Pressure effects on the electronic properties and superconductivity in the $\beta$-pyrochlore oxides: $A$Os$_2$O$_6$ ($A$ = Na, K, Rb, Cs)

TL;DR

This study uses first-principles calculations to analyze how pressure and alkali metal substitution affect the electronic structure and superconductivity of $A$Os$_2$O$_6$ compounds, revealing the role of van Hove singularities and spin fluctuations.

Contribution

It provides a detailed theoretical understanding of pressure and substitution effects on superconductivity in $eta$-pyrochlore oxides, highlighting the importance of van Hove singularities and spin fluctuations.

Findings

Density of states at $E_F$ is sensitive to alkali metal size and pressure.

Changes in $T_c$ are explained by phonon-mediated pairing and spin fluctuations.

Superconducting properties are influenced by proximity to a van Hove singularity.

Abstract

We present a first-principles study of the electronic structure and superconducting parameters of the compounds $A$Os$_2$O$_6$ ($A$ = Na, K, Rb, and Cs) and at ambient and applied hydrostatic pressure.
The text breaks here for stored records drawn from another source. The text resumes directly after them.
lemma W2_dissipation:
  fixes pe ne :: "'m::finite \<Rightarrow> 'n::finite"
  assumes no_loops: "\<forall>k. pe k \<noteq> ne k" and B_sym: "\<forall>i j. B i j = B j i"
    and T_pos: "\<forall>i. Tv$i > 0"
    and d_eta: "(eta has_vector_derivative v) (at t)"
    and d_V: "(V has_vector_derivative V') (at t)"
    and dynamics: "diagm Tv *v V' = - (Emat pe ne B Xd Xdp (eta t) *v V t) + Efd"
  shows "((\<lambda>s. W2 pe ne B Xd Xdp Efd (eta s) etab (V s) Vb) has_real_derivative
           - ((Emat pe ne B Xd Xdp (eta t) *v V t - Efd)
               \<bullet> (matrix_inv (diagm Tv) *v (Emat pe ne B Xd Xdp (eta t) *v V t - Efd)))
           + (Gam pe ne B (V t) *v vsin (eta t) - Gam pe ne B Vb *v vsin etab) \<bullet> v) (at t)"
proof -
  define g where "g = Emat pe ne B Xd Xdp (eta t) *v V t - Efd"
  have d_eta_k: "((\<lambda>s. eta s $ k) has_real_derivative v $ k) (at t)" for k
    using bounded_linear.has_vector_derivative[OF bounded_linear_vec_nth d_eta]
    by (simp add: has_real_derivative_iff_has_vector_derivative)
  have d_V_i: "((\<lambda>s. V s $ i) has_real_derivative V' $ i) (at t)" for i
    using bounded_linear.has_vector_derivative[OF bounded_linear_vec_nth d_V]
    by (simp add: has_real_derivative_iff_has_vector_derivative)
  have T_nz: "\<forall>i. Tv$i \<noteq> 0" using T_pos by (metis less_irrefl)
  have V'_eq: "V' $ i = - g$i / Tv$i" for i
  proof -
    have "Tv$i * V' $ i = - g$i"
      using arg_cong[OF dynamics, of "\<lambda>x. x$i"] by (simp add: diagm_mult_vec g_def)
    then show ?thesis using T_nz by (simp add: field_simps)
  qed
  have "g \<bullet> (matrix_inv (diagm Tv) *v g) = - (V' \<bullet> g)"
    by (simp add: matrix_inv_diagm[OF T_nz] diagm_mult_vec inner_vec_def V'_eq sum_negf[symmetric])
  then have derivative_value: "dW2 pe ne B Xd Xdp Efd etab Vb (eta t) (V t) v V'
      = - (g \<bullet> (matrix_inv (diagm Tv) *v g))
        + (Gam pe ne B (V t) *v vsin (eta t) - Gam pe ne B Vb *v vsin etab) \<bullet> v"
    by (simp add: dW2_gradient_form[OF no_loops B_sym] g_def)
  show ?thesis
    using W2_has_derivative[OF d_eta_k d_V_i, of pe ne B Xd Xdp Efd etab Vb]
    unfolding derivative_value g_def .
qed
We find that the sensitivity of the density of states at the Fermi energy, $E_{\rm F}$, and related electronic properties to the size of the alkali metal atom as well as to applied pressure is driven by a van Hove singularity with energy very close to $E_{\rm F}$. Further, a computation of the superconducting parameters of these materials allows us to show that the observed change of $T_c$, both upon substitution of the alkali metal and under applied hydrostatic pressure, can be well understood within a phonon-mediated pairing scenario. In this regard, we find that the correction to the effective electron mass due to spin fluctuations plays a significant role.